Problem details
Return verbatim every line from the first line of the data below to the line that contains "p * psi_star", inclusive, and no further.

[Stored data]
______
(* Let $\zeta\in\mathcal{PMF}(S)$ and suppose there exist a sequence $(\xi_k)$ in $\mathcal{PMF}(S)$ converging to $\zeta$ and constants $N_0>0$, $a>0$, $b>0$ such that for every $k$ and every $0<N\le N_0$, $$aN^{h/2}\le\nu(\{\eta\in\mathcal{PMF}(S):i(\eta,\xi_k)\le N\})\le bN^{h/2}.$$ Then there exist $N_1\in(0,N_0]$, $A>0$, $B>0$ and $D_1,D_2\in\mathbb R$ such that for all $0<N\le N_1$, $$-A\ln N+D_1\le\Psi(\zeta)_{\ge N}\le -B\ln N+D_2,$$ where $\Psi(\zeta)_{\ge N}=\int_{\{\eta\in\mathcal{PMF}(S):i(\zeta,\eta)\ge N\}}i(\zeta,\eta)^{-h/2}\,d\nu(\eta)$.
   Context: $S$ is a closed connected orientable surface of genus $g\ge2$, $h=6g-6$, $\mathcal T(S)$ its Teichmüller space with base point $o$. $\mathcal{MF}(S)$ is the space of measured foliations, $\mathcal{PMF}(S)$ its projectivization, $i(\cdot,\cdot)$ the continuous geometric intersection number, $\mathrm{Ext}_o$ the extremal length at $o$, $\nu_{Th}$ the Thurston measure. Points of $\mathcal{PMF}(S)$ are identified with their representatives $\xi$ satisfying $\mathrm{Ext}_o(\xi)=1$ (so $i$ becomes a continuous function on $\mathcal{PMF}(S)\times\mathcal{PMF}(S)$), and $\nu$ is the probability measure on $\mathcal{PMF}(S)$ proportional to $A\mapsto\nu_{Th}(\{t\xi:\xi\in A,0\le t\le1\})$. *)

theory Defs
  imports "HOL-Probability.Probability"
begin
lemma mon_site_word: "mon (site_word a p d v) = psi a ^ p * psi_star a ^ d * omega a ^ v"
  by (simp add: site_word_def mon_append mon_replicate psi_def psi_star_def omega_def mult.assoc)

lemma set_site_word: "set (site_word a p d v) \<subseteq> site_letters a"
  by (auto simp: site_word_def site_letters_def)

lemma cl_monomial_word_site_words:
  "cl_monomial_word n p d v = concat (map (\<lambda>b. site_word b (p b) (d b) (v b)) [1..<Suc n])"
  by (simp add: cl_monomial_word_def site_word_def)

lemma upt_split_at:
  assumes "1 \<le> a" "a \<le> n"
  shows "[1..<Suc n] = [1..<a] @ a # [Suc a..<Suc n]"
proof -
  have "[1..<Suc n] = [1..<a] @ [a..<Suc n]"
    using upt_add_eq_append[of 1 a "Suc n - a"] assms by simp
  also have "[a..<Suc n] = a # [Suc a..<Suc n]" using assms by (simp add: upt_conv_Cons)
  finally show ?thesis .
qed

definition cl_monomial_prefix :: "(nat \<Rightarrow> nat) \<Rightarrow> (nat \<Rightarrow> nat) \<Rightarrow> (nat \<Rightarrow> nat) \<Rightarrow> nat \<Rightarrow> cgen list" where
  "cl_monomial_prefix p d v a = concat (map (\<lambda>b. site_word b (p b) (d b) (v b)) [1..<a])"

definition cl_monomial_suffix ::
    "nat \<Rightarrow> (nat \<Rightarrow> nat) \<Rightarrow> (nat \<Rightarrow> nat) \<Rightarrow> (nat \<Rightarrow> nat) \<Rightarrow> nat \<Rightarrow> cgen list" where
  "cl_monomial_suffix n p d v a = concat (map (\<lambda>b. site_word b (p b) (d b) (v b)) [Suc a..<Suc n])"

lemma cl_monomial_word_split:
  assumes "a \<in> {1..n}"
  shows "cl_monomial_word n p d v =
    cl_monomial_prefix p d v a @ site_word a (p a) (d a) (v a) @ cl_monomial_suffix n p d v a"
proof -
  have "[1..<Suc n] = [1..<a] @ a # [Suc a..<Suc n]" using assms by (intro upt_split_at) auto
  then show ?thesis
    unfolding cl_monomial_word_site_words cl_monomial_prefix_def cl_monomial_suffix_def
    by (simp del: upt_Suc)
qed

lemma cl_monomial_word_update:
  assumes "a \<in> {1..n}"
  shows "cl_monomial_word n (p(a := p')) (d(a := d')) (v(a := v')) =
    cl_monomial_prefix p d v a @ site_word a p' d' v' @ cl_monomial_suffix n p d v a"
proof -
  have "cl_monomial_prefix (p(a := p')) (d(a := d')) (v(a := v')) a = cl_monomial_prefix p d v a"
    unfolding cl_monomial_prefix_def by (intro arg_cong[where f = concat] map_cong) auto
  moreover have "cl_monomial_suffix n (p(a := p')) (d(a := d')) (v(a := v')) a =
      cl_monomial_suffix n p d v a"
    unfolding cl_monomial_suffix_def by (intro arg_cong[where f = concat] map_cong) auto
  ultimately show ?thesis
    using cl_monomial_word_split[OF assms, of "p(a := p')" "d(a := d')" "v(a := v')"]
    by simp
qed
______
Task response
(* Let $\zeta\in\mathcal{PMF}(S)$ and suppose there exist a sequence $(\xi_k)$ in $\mathcal{PMF}(S)$ converging to $\zeta$ and constants $N_0>0$, $a>0$, $b>0$ such that for every $k$ and every $0<N\le N_0$, $$aN^{h/2}\le\nu(\{\eta\in\mathcal{PMF}(S):i(\eta,\xi_k)\le N\})\le bN^{h/2}.$$ Then there exist $N_1\in(0,N_0]$, $A>0$, $B>0$ and $D_1,D_2\in\mathbb R$ such that for all $0<N\le N_1$, $$-A\ln N+D_1\le\Psi(\zeta)_{\ge N}\le -B\ln N+D_2,$$ where $\Psi(\zeta)_{\ge N}=\int_{\{\eta\in\mathcal{PMF}(S):i(\zeta,\eta)\ge N\}}i(\zeta,\eta)^{-h/2}\,d\nu(\eta)$.
   Context: $S$ is a closed connected orientable surface of genus $g\ge2$, $h=6g-6$, $\mathcal T(S)$ its Teichmüller space with base point $o$. $\mathcal{MF}(S)$ is the space of measured foliations, $\mathcal{PMF}(S)$ its projectivization, $i(\cdot,\cdot)$ the continuous geometric intersection number, $\mathrm{Ext}_o$ the extremal length at $o$, $\nu_{Th}$ the Thurston measure. Points of $\mathcal{PMF}(S)$ are identified with their representatives $\xi$ satisfying $\mathrm{Ext}_o(\xi)=1$ (so $i$ becomes a continuous function on $\mathcal{PMF}(S)\times\mathcal{PMF}(S)$), and $\nu$ is the probability measure on $\mathcal{PMF}(S)$ proportional to $A\mapsto\nu_{Th}(\{t\xi:\xi\in A,0\le t\le1\})$. *)

theory Defs
  imports "HOL-Probability.Probability"
begin
lemma mon_site_word: "mon (site_word a p d v) = psi a ^ p * psi_star a ^ d * omega a ^ v"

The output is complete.